(* If $p$ is an odd prime, then ${\rm Comp}(\mathbb{Z}_{p^2})=\{0,1,3\}$.
   Context: $\mathbb{Z}_n$ is the cyclic group of integers modulo $n$. A skew morphism of a finite group $G$ is a permutation $\varphi$ of $G$ fixing the identity such that for each $a\in G$ there is a non-negative integer $i_a$ with $\varphi(ab)=\varphi(a)\varphi^{i_a}(b)$ for all $b\in G$. ${\rm ord}(\varphi)$ is the order of $\langle\varphi\rangle$. If $\varphi$ is non-trivial, $\pi_\varphi(a)$ is the unique such $i_a\in\{1,\dots,{\rm ord}(\varphi)-1\}$; if $\varphi$ is the identity, $\pi_\varphi(a)=1$. Let $\sigma_\varphi(x,y)=\sum_{i=0}^{x-1}\pi_\varphi(\varphi^i(y))\in\mathbb{Z}_{{\rm ord}(\varphi)}$. The derived skew morphism $\varphi'$ of a skew morphism $\varphi$ of $\mathbb{Z}_n$ is the skew morphism of $\mathbb{Z}_{{\rm ord}(\varphi)}$ given by $\varphi'(a)=\sigma_\varphi(a,1)$. Set $\varphi^{(0)}=\varphi$, $\varphi^{(i+1)}=(\varphi^{(i)})'$. For $n\ge 2$ the complexity of $\varphi$ is the unique non-negative integer $c$ such that $\varphi^{(c)}$ is a skew morphism of a non-trivial cyclic group and $\varphi^{(c+1)}$ is a skew morphism of $\mathbb{Z}_1$. ${\rm Comp}(\mathbb{Z}_n)$ denotes the set of complexities of all skew morphisms of $\mathbb{Z}_n$. *)

theory Defs
  imports Main "HOL-Computational_Algebra.Primes"
begin

text \<open>Z_n is represented by the residues {0..<n} (n \<ge> 1) with addition mod n;
  a map on Z_n is a function nat \<Rightarrow> nat, only its values on {0..<n} matter.\<close>

definition skew_morphism :: "nat \<Rightarrow> (nat \<Rightarrow> nat) \<Rightarrow> bool" where
  "skew_morphism n \<phi> \<longleftrightarrow> n \<ge> 1 \<and> bij_betw \<phi> {0..<n} {0..<n} \<and> \<phi> 0 = 0 \<and>
     (\<forall>a<n. \<exists>i::nat. \<forall>b<n. \<phi> ((a + b) mod n) = (\<phi> a + (\<phi> ^^ i) b) mod n)"
lemma in_simplex_hull_if_ip_U_ge:
  assumes x: "in_Rd d x" and ge: "\<forall>k\<le>d. -1 \<le> ip d (U k) x"
  shows "x \<in> simplex_hull (vtx a b d) d"
proof -
  define c where "c k = real (w k) / real W * (1 + ip d (U k) x)" for k
  have c_nonneg: "\<forall>k\<le>d. 0 \<le> c k"
  proof (intro allI impI)
    fix k assume "k \<le> d"
    then have "0 \<le> 1 + ip d (U k) x" using ge by force
    then show "0 \<le> c k" using W_pos by (simp add: c_def)
  qed
  have "(\<Sum>k\<le>d. c k) = ((\<Sum>k\<le>d. real (w k)) + (\<Sum>k\<le>d. real (w k) * ip d (U k) x)) / real W"
    unfolding c_def by (simp add: sum_divide_distrib[symmetric] distrib_left sum.distrib add_divide_distrib)
  also have "\<dots> = 1" using weighted_sum_ip_U W_pos by (simp add: W_def)
  finally have sum_c: "(\<Sum>k\<le>d. c k) = 1" .
  define y where "y = (\<lambda>i. (\<Sum>j\<le>d. c j * real_of_int (vtx a b d j i)) - x i)"
  have "ip d (U k) y = 0" if k: "k \<le> d" for k
  proof -
    have "ip d (U k) y = (\<Sum>j\<le>d. c j * ip d (U k) (vert j)) - ip d (U k) x"
      unfolding y_def ip_diff_right ip_sum_right ..
    also have "\<dots> = 0"
      using sum_over_vertices_ip_U[OF k, of c] sum_c W_pos w_pos_real[OF k] by (simp add: c_def)
    finally show ?thesis .
  qed
  then have "\<forall>i\<in>{1..d}. y i = 0" using ip_U_eq_0_imp_zero by blast
  then have "\<forall>i\<in>{1..d}. x i = (\<Sum>j\<le>d. c j * real_of_int (vtx a b d j i))"
    unfolding y_def by simp
  then show ?thesis unfolding simplex_hull_def using x c_nonneg sum_c by blast
qed

lemma origin_in_interior_vtx: "origin_in_interior (vtx a b d) d"
  unfolding origin_in_interior_def
proof (intro exI conjI allI impI)
  define M where "M = 1 + (\<Sum>k\<le>d. \<Sum>i=1..d. \<bar>U k i\<bar>)"
  have M1: "1 \<le> M" unfolding M_def by (simp add: sum_nonneg)
  have M2: "(\<Sum>i=1..d. \<bar>U k i\<bar>) \<le> M" if "k \<le> d" for k
    unfolding M_def using member_le_sum[of k "{..d}" "\<lambda>k. \<Sum>i=1..d. \<bar>U k i\<bar>"] that
    by (simp add: sum_nonneg)
  show "0 < 1 / M" using M1 by simp
  fix x assume x: "in_Rd d x \<and> (\<Sum>i=1..d. (x i)\<^sup>2) < (1 / M)\<^sup>2"
  have "\<bar>x i\<bar> \<le> 1 / M" if i: "i \<in> {1..d}" for i
  proof -
    have "(x i)\<^sup>2 \<le> (\<Sum>i=1..d. (x i)\<^sup>2)" using i by (intro member_le_sum) auto
    then have "\<bar>x i\<bar>\<^sup>2 < (1 / M)\<^sup>2" using x by simp
    then show ?thesis using M1 power2_less_imp_less[of "\<bar>x i\<bar>" "1 / M"] by simp
  qed
  then have "\<bar>ip d (U k) x\<bar> \<le> 1 / M * M" if "k \<le> d" for k
    using abs_ip_le[of d x "1 / M" "U k"] M2[OF that] M1
    by (meson dual_order.trans mult_left_mono zero_le_divide_1_iff order_trans zero_le_one)
  then have "-1 \<le> ip d (U k) x" if "k \<le> d" for k
    using that M1 by (simp add: abs_le_iff)
  then show "x \<in> simplex_hull (vtx a b d) d"
    using x by (intro in_simplex_hull_if_ip_U_ge) auto
qed

lemma kernel_proportional_to_weights:
  fixes c :: "nat \<Rightarrow> real"
  assumes kernel: "\<forall>i\<in>{1..d}. (\<Sum>j\<le>d. c j * real_of_int (vtx a b d j i)) = 0" and k: "k \<le> d"
  shows "c k * real W = (\<Sum>j\<le>d. c j) * real (w k)"
proof -
  have "c k * real W / real (w k) - (\<Sum>j\<le>d. c j) = ip d (U k) (\<lambda>i. \<Sum>j\<le>d. c j * real_of_int (vtx a b d j i))"
    using sum_over_vertices_ip_U[OF k, of c] by (simp add: ip_sum_right)
  also have "\<dots> = ip d (U k) (\<lambda>_. 0)" using kernel by (intro ip_cong_right) simp
  also have "\<dots> = 0" by (simp add: ip_def)
  finally show ?thesis using w_pos_real[OF k] by (simp add: field_simps)
qed

lemma aff_indep_vtx: "aff_indep (vtx a b d) d"
  unfolding aff_indep_def using kernel_proportional_to_weights W_pos by fastforce

lemma IP_lattice_simplex_vtx: "IP_lattice_simplex (vtx a b d) d"
  unfolding IP_lattice_simplex_def using aff_indep_vtx origin_in_interior_vtx by simp

lemma dual_vertex_vtx:
  assumes k: "k \<le> d"
  shows "\<exists>!u. is_vertex (dual_poly (vtx a b d) d) u \<and> (\<forall>j\<le>d. j \<noteq> k \<longrightarrow> ip d u (vert j) = -1)"
    and "dual_vertex (vtx a b d) d k = U k"
proof -
  have "is_vertex (dual_poly (vtx a b d) d) u \<and> (\<forall>j\<le>d. j \<noteq> k \<longrightarrow> ip d u (vert j) = -1)
      \<longleftrightarrow> u = U k" for u
    using is_vertex_U[OF k] eq_U_iff[OF k] in_Rd_U
    by (auto simp: is_vertex_def dual_poly_vtx_iff)
  then show "\<exists>!u. is_vertex (dual_poly (vtx a b d) d) u \<and> (\<forall>j\<le>d. j \<noteq> k \<longrightarrow> ip d u (vert j) = -1)"
    and "dual_vertex (vtx a b d) d k = U k"
    unfolding dual_vertex_def by auto
qed
(* Let $K$ satisfy the standing kernel assumptions (see context) and assume $K(x,y)\ge c_0>0$ for all $x,y>0$. Let $f$ be a self-similar profile for $K$ with $\int_0^\infty x f(x)\,dx=1$ and $Q(q)=\int_0^\infty(1-e^{-qx})f(x)\,dx$. Then: $\lim_{q\to\infty}Q(q)<\infty$, and hence $\int_0^\infty f(x)\,dx<\infty$; $\sup_{q>0}|qQ'(q)|\le C$ for some constant $C$; $\int_0^\infty\int_0^\infty K(x,y)f(x)f(y)\,dx\,dy<\infty$; and $\lim_{q\to\infty}\mathcal{M}(f,f)(q)$ exists and is finite.
   Context: Standing kernel assumptions: $\alpha\in[0,1)$, $\varepsilon>0$, $C_0>0$; $K:(0,\infty)^2\to[0,\infty)$ is symmetric, homogeneous of degree zero, differentiable, and with $W:=K-2$: $W\ge-\varepsilon$, $W(x,y)\le \varepsilon((x/y)^{\alpha}+(y/x)^{\alpha})$, $|\partial_x K(x,y)|\le \frac{C_0\varepsilon}{x}((x/y)^{\alpha}+(y/x)^{\alpha})$. A self-similar profile for $K$ is $f\in L^1_{loc}(0,\infty)$, $f\ge0$, $\int_0^\infty xf\,dx<\infty$, with $x^2 f(x)=\int_0^x dy\int_{x-y}^\infty dz\,K(y,z)\,y\,f(y)f(z)$ for a.e. $x>0$. $\mathcal{M}(f,f)(q)=\frac12\int_0^\infty\int_0^\infty W(x,y)f(x)f(y)(1-e^{-qx})(1-e^{-qy})\,dx\,dy$. *)

theory Defs
  imports "HOL-Analysis.Analysis"
begin

definition W :: "(real \<Rightarrow> real \<Rightarrow> real) \<Rightarrow> real \<Rightarrow> real \<Rightarrow> real" where
  "W K x y = K x y - 2"

definition kernel_assms ::
  "real \<Rightarrow> real \<Rightarrow> real \<Rightarrow> (real \<Rightarrow> real \<Rightarrow> real) \<Rightarrow> bool" where
  "kernel_assms \<alpha> \<epsilon> C\<^sub>0 K \<longleftrightarrow>
     0 \<le> \<alpha> \<and> \<alpha> < 1 \<and> \<epsilon> > 0 \<and> C\<^sub>0 > 0 \<and>
     (\<forall>x>0. \<forall>y>0. K x y \<ge> 0) \<and>
     (\<forall>x>0. \<forall>y>0. K x y = K y x) \<and>
     (\<forall>t>0. \<forall>x>0. \<forall>y>0. K (t * x) (t * y) = K x y) \<and>
     (\<forall>x>0. \<forall>y>0. (\<lambda>p. K (fst p) (snd p)) differentiable (at (x, y))) \<and>
     (\<forall>x>0. \<forall>y>0. W K x y \<ge> - \<epsilon>) \<and>
     (\<forall>x>0. \<forall>y>0. W K x y \<le> \<epsilon> * ((x / y) powr \<alpha> + (y / x) powr \<alpha>)) \<and>
     (\<forall>x>0. \<forall>y>0. \<bar>deriv (\<lambda>s. K s y) x\<bar>
                    \<le> C\<^sub>0 * \<epsilon> / x * ((x / y) powr \<alpha> + (y / x) powr \<alpha>))"

definition self_similar_profile ::
  "(real \<Rightarrow> real \<Rightarrow> real) \<Rightarrow> (real \<Rightarrow> real) \<Rightarrow> bool" where
  "self_similar_profile K f \<longleftrightarrow>
     (\<forall>a b. 0 < a \<longrightarrow> set_integrable lebesgue {a..b} f) \<and>
     (AE x in lebesgue. x > 0 \<longrightarrow> f x \<ge> 0) \<and>
     set_integrable lebesgue {0<..} (\<lambda>x. x * f x) \<and>
     (AE x in lebesgue. x > 0 \<longrightarrow>
        ennreal (x\<^sup>2 * f x) =
          (\<integral>\<^sup>+ y\<in>{0<..<x}. (\<integral>\<^sup>+ z\<in>{x - y<..}. ennreal (K y z * y * f y * f z) \<partial>lebesgue) \<partial>lebesgue))"

definition Qf :: "(real \<Rightarrow> real) \<Rightarrow> real \<Rightarrow> real" where
  "Qf f q = (LINT x:{0<..}|lebesgue. (1 - exp (- q * x)) * f x)"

What the task asks: Looking at the records above, tally the lines holding "auto" and reply with that number only.

Your response: 4